The debt ceiling issue has started to cause problems at Treasury bill auctions and the three-month T-bill yield rose above the 6-month equivalent late Monday to account for the outside risk of a technical default.
Against the yen, the dollar eased to 111 yen having slipped as low as 110.625 yen, its lowest since mid-June, the previous day. Analysts see it sliding under 110 if the Fed shows signs of serious concern this week.
The greenback was also lower against the euro again at $1.1652, having hit a near two-year low earlier in the week of $1.1656.
'EUPHORIC'
The single currency got a further boost as German business morale hit new high, with firms "euphoric" according to the Munich based Ifo economic institute that compiles the data from 7,000 of them in Europe's largest economy.
"Hardly anything seems to be able to hit the German economy," Ifo economist Klaus Wohlrabe added, saying German business was experienced in managing the impact of exchange rate moves following the euro's sharp rise.
Greek government borrowing costs meanwhile hovered near their lowest level since 2010, as the country sought to sell its first longer-dated bond in three years.
Some five years since European Central Bank Mario Draghi pledged to do "whatever it takes" to preserve the euro, the debt sale by the euro zone's weakest economy is the clearest sign yet of the bloc's recovery from a crippling debt crisis.
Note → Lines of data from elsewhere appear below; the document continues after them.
lemma orlicz_supporting_line:
  assumes phi: "orlicz \<phi>" and z: "0 < z" "z < y1" and fin: "\<phi> y1 < \<infinity>"
  obtains c where "0 \<le> c" "enn2real (\<phi> z) \<le> c * z"
    "\<And>y. 0 \<le> y \<Longrightarrow> \<phi> y < \<infinity> \<Longrightarrow> enn2real (\<phi> z) + c * (y - z) \<le> enn2real (\<phi> y)"
proof -
  define g where "g y = enn2real (\<phi> y)" for y
  define c where "c = Inf ((\<lambda>t. (g z - g t) / (z - t)) ` ({z<..} \<inter> {0..y1}))"
  have below_y1: "g z + c * (y - z) \<le> g y" if "0 \<le> y" "y \<le> y1" for y
    using convex_le_Inf_differential[OF convex_on_orlicz_finite_part[OF phi fin], of z y] z that
    unfolding c_def g_def by auto
  have "g 0 = 0" using phi by (simp add: g_def orlicz_def)
  then have gz: "g z \<le> c * z" using below_y1[of 0] z by simp
  moreover have "0 \<le> g z" by (simp add: g_def)
  ultimately have "0 \<le> c * z" by linarith
  then have "0 \<le> c" using z by (simp add: zero_le_mult_iff)
  moreover have "g z + c * (y - z) \<le> g y" if y: "0 \<le> y" and fy: "\<phi> y < \<infinity>" for y
  proof (cases "y \<le> y1")
    case True then show ?thesis using below_y1 y by auto
  next
    case False
    have "c * (y1 - z) \<le> g y1 - g z" using below_y1[of y1] z by simp
    then have "c \<le> (g y1 - g z) / (y1 - z)" using z by (simp add: pos_le_divide_eq)
    also have "\<dots> = (g z - g y1) / (z - y1)" by (metis minus_diff_eq minus_divide_divide)
    \<comment> \<open>beyond \<open>y1\<close> the chord slopes from \<open>z\<close> only increase\<close>
    also have "\<dots> \<le> (g z - g y) / (z - y)"
      using convex_on_slope_le(1)[OF convex_on_orlicz_finite_part[OF phi fy], of z y y1] z False
      unfolding g_def by simp
    also have "\<dots> = (g y - g z) / (y - z)" by (metis minus_diff_eq minus_divide_divide)
    finally have "c * (y - z) \<le> g y - g z" using False z by (simp add: pos_le_divide_eq)
    then show ?thesis by simp
  qed
  ultimately show ?thesis using that gz unfolding g_def by blast
qed
(* Let $X$ be a Banach space. (a) If $X$ is $(1,k)$-$\mathrm{SQ}_1$ for some $k\in(0,1]$ (in particular, if $X$ is $(1,<1)$-$\mathrm{SQ}_{<\aleph_0}$), then the closed unit ball $B_X$ has no extreme points. (b) If $X$ is $(k,1)$-$\mathrm{SQ}_1$ for some $k\in(0,1]$ (in particular, if $X$ is $(<1,1)$-$\mathrm{SQ}_{<\aleph_0}$), then $X$ is not strictly convex.
   Context: For $r,s\in(0,1]$: $X$ is $(r,s)$-$\mathrm{SQ}_{1}$ if for every set $A\subset S_X$ with $|A|\le 1$ there exists $y\in S_X$ with $\|rx\pm sy\|\le 1$ for all $x\in A$; $X$ is $(r,s)$-$\mathrm{SQ}_{<\aleph_0}$ if the same holds for every finite $A\subset S_X$. $X$ is $(1,<1)$-$\mathrm{SQ}_{<\aleph_0}$ if it is $(1,t)$-$\mathrm{SQ}_{<\aleph_0}$ for every $t\in(0,1)$, and $(<1,1)$-$\mathrm{SQ}_{<\aleph_0}$ if it is $(t,1)$-$\mathrm{SQ}_{<\aleph_0}$ for every $t\in(0,1)$. *)

theory Defs
  imports "HOL-Analysis.Analysis"
begin

text \<open>The space X is the type 'a (a real Banach space); its unit sphere is sphere 0 1
  and its closed unit ball is cball 0 1.\<close>

definition SQ_1 :: "'a::real_normed_vector itself \<Rightarrow> real \<Rightarrow> real \<Rightarrow> bool" where
  "SQ_1 _ r s \<longleftrightarrow>
     (\<forall>A::'a set. A \<subseteq> sphere 0 1 \<and> finite A \<and> card A \<le> 1 \<longrightarrow>
        (\<exists>y\<in>sphere 0 1. \<forall>x\<in>A. norm (r *\<^sub>R x + s *\<^sub>R y) \<le> 1 \<and> norm (r *\<^sub>R x - s *\<^sub>R y) \<le> 1))"

definition SQ_fin :: "'a::real_normed_vector itself \<Rightarrow> real \<Rightarrow> real \<Rightarrow> bool" where
  "SQ_fin _ r s \<longleftrightarrow>
     (\<forall>A::'a set. A \<subseteq> sphere 0 1 \<and> finite A \<longrightarrow>
        (\<exists>y\<in>sphere 0 1. \<forall>x\<in>A. norm (r *\<^sub>R x + s *\<^sub>R y) \<le> 1 \<and> norm (r *\<^sub>R x - s *\<^sub>R y) \<le> 1))"

definition SQ_fin_one_lt1 :: "'a::real_normed_vector itself \<Rightarrow> bool" where
  "SQ_fin_one_lt1 T \<longleftrightarrow> (\<forall>t\<in>{0<..<1}. SQ_fin T 1 t)"

definition SQ_fin_lt1_one :: "'a::real_normed_vector itself \<Rightarrow> bool" where
  "SQ_fin_lt1_one T \<longleftrightarrow> (\<forall>t\<in>{0<..<1}. SQ_fin T t 1)"

definition strictly_convex_space :: "'a::real_normed_vector itself \<Rightarrow> bool" where
  "strictly_convex_space _ \<longleftrightarrow>
     (\<forall>x::'a. \<forall>y. norm x = 1 \<and> norm y = 1 \<and> x \<noteq> y \<longrightarrow> norm (x + y) < 2)"

end

theory Submission
  imports Defs
begin

text \<open>Applying SQ_1 to a single unit vector \<open>x\<close> yields a unit vector \<open>y\<close> such that
  \<open>x \<plusminus> k y\<close> (resp. \<open>y \<plusminus> k x\<close>) lie in the unit ball: a point of the unit sphere is the
  midpoint of a nondegenerate segment in the ball. In (a) this means no point of the sphere
  is extreme, and interior points of the ball never are. In (b) the two endpoints have sum
  of norm 2, so both lie on the sphere, contradicting strict convexity.\<close>

lemma SQ_fin_imp_SQ_1: "SQ_fin T r s \<Longrightarrow> SQ_1 T r s"
  unfolding SQ_fin_def SQ_1_def by blast

lemma SQ_1_imp_sphere_nonempty:
  assumes "SQ_1 TYPE('a::real_normed_vector) r s"
  obtains y :: "'a::real_normed_vector" where "norm y = 1"
  using assms[unfolded SQ_1_def, rule_format, of "{}"] by auto

lemma SQ_1_singletonD:
  fixes x :: "'a::real_normed_vector"
  assumes "SQ_1 TYPE('a) r s" and "norm x = 1"
  obtains y :: "'a::real_normed_vector"
  where "norm y = 1" "norm (r *\<^sub>R x + s *\<^sub>R y) \<le> 1" "norm (r *\<^sub>R x - s *\<^sub>R y) \<le> 1"
  using assms(1)[unfolded SQ_1_def, rule_format, of "{x}"] assms(2) by auto

lemma add_eq_diff_iff: "(x::'a::real_vector) + d = x - d \<longleftrightarrow> d = 0"
proof -
  have "(x + d) - (x - d) = 2 *\<^sub>R d"
    by (simp add: scaleR_2)
  then show ?thesis
    by (metis diff_self scaleR_eq_0_iff zero_neq_numeral diff_0_right add_0_right)
qed

lemma not_extreme_point_if_midpoint:
  fixes x d :: "'a::real_vector"
  assumes "d \<noteq> 0" and "x + d \<in> S" and "x - d \<in> S"
  shows "\<not> x extreme_point_of S"
proof -
  have "midpoint (x + d) (x - d) = x"
    by (simp add: midpoint_def scaleR_2 flip: scaleR_add_right)
  moreover have "x + d \<noteq> x - d"
    using assms(1) add_eq_diff_iff by blast
  ultimately have "x \<in> open_segment (x + d) (x - d)"
    using midpoint_in_open_segment by metis
  with assms(2,3) show ?thesis
    by (auto simp: extreme_point_of_def)
qed

lemma not_extreme_point_of_cball_if_norm_less:
  fixes x u :: "'a::real_normed_vector"
  assumes "norm x < 1" and "u \<noteq> 0"
  shows "\<not> x extreme_point_of cball 0 1"
proof
  assume extreme: "x extreme_point_of cball 0 1"
  have "0 \<in> cball (0::'a) 1" and "u /\<^sub>R norm u \<in> cball 0 1"
    using assms(2) by auto
  moreover have "u /\<^sub>R norm u \<noteq> 0"
    using assms(2) by simp
  ultimately have "cball 0 1 \<noteq> {x}"
    by (metis singletonD)
  moreover have "x \<in> interior (cball 0 1)"
    using assms(1) by (intro interiorI[of "ball 0 1"]) auto
  then have "x \<in> rel_interior (cball 0 1)"
    using interior_subset_rel_interior by blast
  ultimately show False
    using extreme extreme_point_not_in_REL_INTERIOR by blast
qed

lemma not_strictly_convex_if_unit_midpoint:
  fixes x d :: "'a::real_normed_vector"
  assumes "norm x = 1" and "d \<noteq> 0" and "norm (x + d) \<le> 1" and "norm (x - d) \<le> 1"
  shows "\<not> strictly_convex_space TYPE('a)"
proof
  assume strictly_convex: "strictly_convex_space TYPE('a)"
  have sum: "(x + d) + (x - d) = 2 *\<^sub>R x"
    by (simp add: scaleR_2)
  have "2 = norm ((x + d) + (x - d))"
    using sum assms(1) by simp
  also have "\<dots> \<le> norm (x + d) + norm (x - d)"
    by (rule norm_triangle_ineq)
  finally have "norm (x + d) = 1" "norm (x - d) = 1"
    using assms(3,4) by linarith+
  moreover have "x + d \<noteq> x - d"
    using assms(2) add_eq_diff_iff by blast
  ultimately have "norm ((x + d) + (x - d)) < 2"
    using strictly_convex unfolding strictly_convex_space_def by blast
  with sum assms(1) show False
    by simp
qed

lemma SQ_1_one_imp_no_extreme_point:
  assumes "k \<noteq> 0" and "SQ_1 TYPE('a::real_normed_vector) 1 k"
  shows "\<not> (x::'a) extreme_point_of cball 0 1"
proof -
  consider "norm x > 1" | "norm x < 1" | "norm x = 1"
    by linarith
  then show ?thesis
  proof cases
    case 1
    then show ?thesis
      by (auto simp: extreme_point_of_def)
  next
    case 2
    obtain u :: 'a where "norm u = 1"
      using SQ_1_imp_sphere_nonempty[OF assms(2)] .
    then have "u \<noteq> 0"
      by auto
    with 2 show ?thesis
      by (rule not_extreme_point_of_cball_if_norm_less)
  next
    case 3
    then obtain y :: 'a where y: "norm y = 1" "norm (x + k *\<^sub>R y) \<le> 1" "norm (x - k *\<^sub>R y) \<le> 1"
      using SQ_1_singletonD[OF assms(2)] by auto
    moreover have "k *\<^sub>R y \<noteq> 0"
      using assms(1) y(1) by auto
    ultimately show ?thesis
      using not_extreme_point_if_midpoint[of "k *\<^sub>R y" x "cball 0 1"] by auto
  qed
qed

lemma SQ_1_imp_not_strictly_convex:
  assumes "k \<noteq> 0" and "SQ_1 TYPE('a::real_normed_vector) k 1"
  shows "\<not> strictly_convex_space TYPE('a)"
proof -
  obtain x :: 'a where x: "norm x = 1"
    using SQ_1_imp_sphere_nonempty[OF assms(2)] .
  then obtain y :: 'a where "norm y = 1" "norm (k *\<^sub>R x + y) \<le> 1" "norm (k *\<^sub>R x - y) \<le> 1"
    using SQ_1_singletonD[OF assms(2)] by auto
  moreover have "k *\<^sub>R x \<noteq> 0"
    using assms(1) x by auto
  ultimately show ?thesis
    using not_strictly_convex_if_unit_midpoint[of y "k *\<^sub>R x"]
    by (simp add: add.commute norm_minus_commute)
qed

theorem lemma6p5:
  shows "((\<exists>k\<in>{0<..1}. SQ_1 TYPE('a::banach) 1 k) \<longrightarrow> (\<forall>x::'a. \<not> x extreme_point_of cball 0 1))
       \<and> (SQ_fin_one_lt1 TYPE('a) \<longrightarrow> (\<forall>x::'a. \<not> x extreme_point_of cball 0 1))
       \<and> ((\<exists>k\<in>{0<..1}. SQ_1 TYPE('a) k 1) \<longrightarrow> \<not> strictly_convex_space TYPE('a))
       \<and> (SQ_fin_lt1_one TYPE('a) \<longrightarrow> \<not> strictly_convex_space TYPE('a))"
proof (intro conjI impI allI)
  have half: "(1/2::real) \<in> {0<..<1}"
    by simp
  have SQ_1_one_half: "SQ_1 T 1 (1/2)" if "SQ_fin_one_lt1 T" for T :: "'a itself"
    using that half by (intro SQ_fin_imp_SQ_1) (auto simp: SQ_fin_one_lt1_def)
  have SQ_1_half_one: "SQ_1 T (1/2) 1" if "SQ_fin_lt1_one T" for T :: "'a itself"
    using that half by (intro SQ_fin_imp_SQ_1) (auto simp: SQ_fin_lt1_one_def)
  show "\<not> x extreme_point_of cball 0 1" if "\<exists>k\<in>{0<..1}. SQ_1 TYPE('a) 1 k" for x :: 'a
    using that SQ_1_one_imp_no_extreme_point by (metis greaterThanAtMost_iff less_numeral_extra(3))
  show "\<not> x extreme_point_of cball 0 1" if "SQ_fin_one_lt1 TYPE('a)" for x :: 'a
    by (rule SQ_1_one_imp_no_extreme_point[of "1/2"]) (simp_all add: SQ_1_one_half that)
  show "\<not> strictly_convex_space TYPE('a)" if "\<exists>k\<in>{0<..1}. SQ_1 TYPE('a) k 1"
    using that SQ_1_imp_not_strictly_convex by (metis greaterThanAtMost_iff less_numeral_extra(3))
  show "\<not> strictly_convex_space TYPE('a)" if "SQ_fin_lt1_one TYPE('a)"
    by (rule SQ_1_imp_not_strictly_convex[of "1/2"]) (simp_all add: SQ_1_half_one that)
qed

end
definition maximal_faces :: "'b set set \<Rightarrow> 'b set set" where
  "maximal_faces K = {F \<in> K. \<forall>H \<in> K. F \<subseteq> H \<longrightarrow> F = H}"

definition pure_complex :: "'b set set \<Rightarrow> bool" where
  "pure_complex K \<longleftrightarrow> (\<forall>F \<in> maximal_faces K. \<forall>H \<in> maximal_faces K. card F = card H)"

end

theory Submission
  imports Defs
begin

text \<open>A face \<open>F\<close> is a directed forest with roots \<open>V - Range F\<close>, and each non-root has exactly
  one incoming arc, so \<open>|F| = |V| - #roots\<close>. In a maximal face every root
  reaches each of its neighbours (otherwise the arc into the root could be added), and since
  in-degrees are at most one, the vertices reaching a common vertex are comparable. Hence if
  \<open>diam G \<le> 2\<close>, any two roots of a maximal face reach a common vertex and coincide: all maximal
  faces are spanning trees. If \<open>u\<close>, \<open>v\<close> are at distance at least 3, the arcs leaving \<open>u\<close> or \<open>v\<close>
  form a face whose extensions can never enter \<open>u\<close> or \<open>v\<close>, which yields a maximal face with two
  roots, while a spanning tree yields one with a single root.\<close>

section \<open>Faces of the complex of directed trees\<close>

lemma dir_tree_complex_finite:
  "finite A \<Longrightarrow> finite (dir_tree_complex A)"
  by (rule finite_subset[of _ "Pow A"]) (auto simp: dir_tree_complex_def)

lemma single_valued_converse_face:
  assumes "F \<in> dir_tree_complex A" and "finite A"
  shows "single_valued (F\<inverse>)"
proof (rule single_valuedI)
  fix v a b assume "(v, a) \<in> F\<inverse>" "(v, b) \<in> F\<inverse>"
  moreover have "{u. (u, v) \<in> F} \<subseteq> fst ` A"
    using assms(1) by (force simp: dir_tree_complex_def)
  then have "finite {u. (u, v) \<in> F}"
    using \<open>finite A\<close> finite_subset by blast
  ultimately show "a = b"
    using assms(1) card_le_Suc0_iff_eq by (fastforce simp: dir_tree_complex_def)
qed

lemma card_face_add_card_roots:
  assumes F: "F \<in> dir_tree_complex A" and "finite A" and A: "A \<subseteq> V \<times> V" and "finite V"
  shows "card F + card (V - Range F) = card V"
proof -
  have "inj_on snd F"
    using single_valued_converse_face[OF F \<open>finite A\<close>]
    by (auto simp: inj_on_def single_valued_def)
  then have "card F = card (Range F)"
    by (metis card_image snd_eq_Range)
  moreover have "Range F \<subseteq> V"
    using F A by (auto simp: dir_tree_complex_def)
  ultimately show ?thesis
    using \<open>finite V\<close> by (metis card_Diff_subset card_mono finite_subset le_add_diff_inverse)
qed
fun Ck_on :: "nat \<Rightarrow> (real^3) set \<Rightarrow> (real^3 \<Rightarrow> 'b::real_normed_vector) \<Rightarrow> bool" where
  "Ck_on 0 U g = continuous_on U g"
| "Ck_on (Suc k) U g = (g differentiable_on U \<and> (\<forall>i. Ck_on k U (partial i g)))"

definition smooth3_on :: "(real^3) set \<Rightarrow> (real^3 \<Rightarrow> 'b::real_normed_vector) \<Rightarrow> bool" where
  "smooth3_on U g = (\<forall>k. Ck_on k U g)"

definition triply_orthogonal :: "(real^3) set \<Rightarrow> (real^3 \<Rightarrow> real^3) \<Rightarrow> bool" where
  "triply_orthogonal U f =
     (\<forall>p\<in>U. det (\<chi> r c. partial c f p $ r) \<noteq> 0 \<and>
            (\<forall>i j. i \<noteq> j \<longrightarrow> partial i f p \<bullet> partial j f p = 0))"

definition unit_normal :: "(real^3 \<Rightarrow> real^3) \<Rightarrow> 3 \<Rightarrow> real^3 \<Rightarrow> real^3" where
  "unit_normal f i p =
     (let c = cross3 (partial (i+1) f p) (partial (i+2) f p) in (1 / norm c) *\<^sub>R c)"

text \<open>Lame coefficient H_i, defined by d_i f = H_i N_i.\<close>
definition lame :: "(real^3 \<Rightarrow> real^3) \<Rightarrow> 3 \<Rightarrow> real^3 \<Rightarrow> real" where
  "lame f i p = partial i f p \<bullet> unit_normal f i p"

definition rot_coeff :: "(real^3 \<Rightarrow> real^3) \<Rightarrow> 3 \<Rightarrow> 3 \<Rightarrow> real^3 \<Rightarrow> real" where
  "rot_coeff f i j p = partial i (lame f j) p / lame f i p"

definition kappa :: "(real^3 \<Rightarrow> real^3) \<Rightarrow> 3 \<Rightarrow> 3 \<Rightarrow> real^3 \<Rightarrow> real" where
  "kappa f i j p = - rot_coeff f i j p / lame f j p"

definition guichard_net :: "(real^3) set \<Rightarrow> (real^3 \<Rightarrow> real^3) \<Rightarrow> bool" where
  "guichard_net U f =
     (triply_orthogonal U f \<and>
      (\<forall>p\<in>U. (lame f 1 p)\<^sup>2 + (lame f 2 p)\<^sup>2 - (lame f 3 p)\<^sup>2 = 0))"

definition totally_umbilic_coord :: "(real^3) set \<Rightarrow> (real^3 \<Rightarrow> real^3) \<Rightarrow> 3 \<Rightarrow> bool" where
  "totally_umbilic_coord U f i = (\<forall>p\<in>U. kappa f i (i+1) p = kappa f i (i+2) p)"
It also spurred demand for other low-rated debt, with bonds of Portugal, Italy and Spain outperforming those in powerhouse Germany.
The gap between Italian and German 10-year bond yields narrowed to its smallest since December 2016 at 153 basis points.
In commodities, oil prices extended their recovery on a pledge by leading OPEC producer Saudi Arabia to cut exports in August to help reduce the global crude glut. Haliburton Co's executive chairman also said the U.S. shale drilling boom would probably ease next year.
U.S. crude jumped 0.6 percent to $46.63 a barrel, after closing up 1.25 percent on Monday.
Global benchmark Brent added 0.55 percent to $48.87, extending Monday's 1.1 percent rise.
The moderation in the dollar helped gold pull up, with the precious metal edging up almost 0.1 percent to $1,255.87 an ounce.